Tuesday, October 30, 2018


Life Force
Oct 19 2018


My gutters are filled with leaves
the downspouts plugged.
Accreting
like sedimentary layers
each unattended fall.
Where they steadily rot
in a swill of stagnant water,
bitter tannins
bleeding out
their stubborn brownish rust.

Long enough
and this brew will turn to soil.
An aerial refuge
of exotic life
in a sagging metal trough,
self-contained
and unexplored;
green sprouts, unfurling in spring
fruiting fungi in fall.

Irrepressible life,
pressing itself
into the tiniest niche.

Perhaps, in the decomposing heat
a spore has arisen, some bacterium evolved;
a molecule, awaiting its discoverer
that will heal
relieve
render us immortal.

Irrepressible life, always finding a way.

Except for today
when the hired man scooped out the crud
and hosed down the gutters.
Like a primordial planet of cooling rock, sterile and steaming
my troughs have been scoured;
so life has no purchase
and time goes unmeasured,
no succession or death
to count it against.

For the sake of order
what has been lost?
The complexity
we are ill-equipped to see,
orders of magnitude
infinitesimally small.
Like the microscopic life
that somehow survives
in earth's black and airless rock,
all the way down, layer by layer
beneath its crushing weight.

I am amazed at this persistence.
The life force
of this blue and green planet.
The rich diversity
beneath the barren surface
we too often fail to see
or even imagine.




I've been looking for someone to clean out my gutters. They've been dripping for years, I reluctantly admit. I can almost imagine the concrete underneath, steadily wearing away into a smooth shallow pool: like the drip-drip-drip of Chinese water torture, speeding up geological time. So looking up at the sagging gutters, I am feeling increasingly negligent for having ignored them for well over a decade. And recall, when I last got up on the roof, scooping out this heavy black muck: decomposing leaves, composting soil, and who knows what dead animals!

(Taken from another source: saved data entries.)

lemma sylvester_mat_mult_powers:
  fixes f g :: "'a::comm_ring_1 poly"
  defines "d \<equiv> degree f + degree g"
  assumes i: "i < d"
  shows "(sylvester_mat f g *\<^sub>v vec d (\<lambda>j. x ^ (d - 1 - j))) $ i =
    (if i < degree g then x ^ (degree g - 1 - i) * poly f x else x ^ (d - 1 - i) * poly g x)"
proof -
  have "(sylvester_mat f g *\<^sub>v vec d (\<lambda>j. x ^ (d - 1 - j))) $ i
      = (\<Sum>j<d. sylvester_mat f g $$ (i, j) * x ^ (d - 1 - j))"
    using i unfolding d_def by (auto simp: scalar_prod_def atLeast0LessThan intro!: sum.cong)
  also have "\<dots> = (if i < degree g then x ^ (degree g - 1 - i) * poly f x else x ^ (d - 1 - i) * poly g x)"
  proof (cases "i < degree g")
    case True
    have "(\<Sum>j<d. sylvester_mat f g $$ (i, j) * x ^ (d - 1 - j))
        = (\<Sum>j<d. coeff (monom 1 (Suc (degree g - 1 - i)) * f) (d - j) * x ^ (d - 1 - j))"
      using True i sylvester_index_mat2[of i f g] unfolding d_def
      by (intro sum.cong) (auto simp: Suc_diff_Suc)
    also have "\<dots> = x ^ (degree g - 1 - i) * poly f x"
      using True by (intro sum_coeff_monom_mult_powers) (auto simp: d_def)
    finally show ?thesis using True by simp
  next
    case False
    have "(\<Sum>j<d. sylvester_mat f g $$ (i, j) * x ^ (d - 1 - j))
        = (\<Sum>j<d. coeff (monom 1 (Suc (d - 1 - i)) * g) (d - j) * x ^ (d - 1 - j))"
      using False i sylvester_index_mat2[of i f g] unfolding d_def
      by (intro sum.cong) (auto simp: Suc_diff_Suc)
    also have "\<dots> = x ^ (d - 1 - i) * poly g x"
      using False i by (intro sum_coeff_monom_mult_powers) (auto simp: d_def)
    finally show ?thesis using False by simp
  qed
  finally show ?thesis .
qed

This brought to mind a recent article I read, about forms of anaerobic life found in rock deep in the earth's mantle: life that doesn't get its energy from the sun, but from chemical reactions in wet microscopic seams and fissures; and life that metabolizes and reproduces so slowly it might seem to live almost forever. Scientists who study exobiology think this may be a good model for whatever alien life may eventually be found on other planets. (Here's the link: https://www.theatlantic.com/science/archive/2018/10/meet-endoterrestrials/571939/ .)

In both cases, there is this powerful impression of the indomitability of life. And how, when we are only tuned to what is familiar, we can be blind to it. Life everywhere, hiding in plain sight. Life that will persist – somewhere in some form – even after we have finished trashing the planet, as we are so rapidly and irresponsibly doing.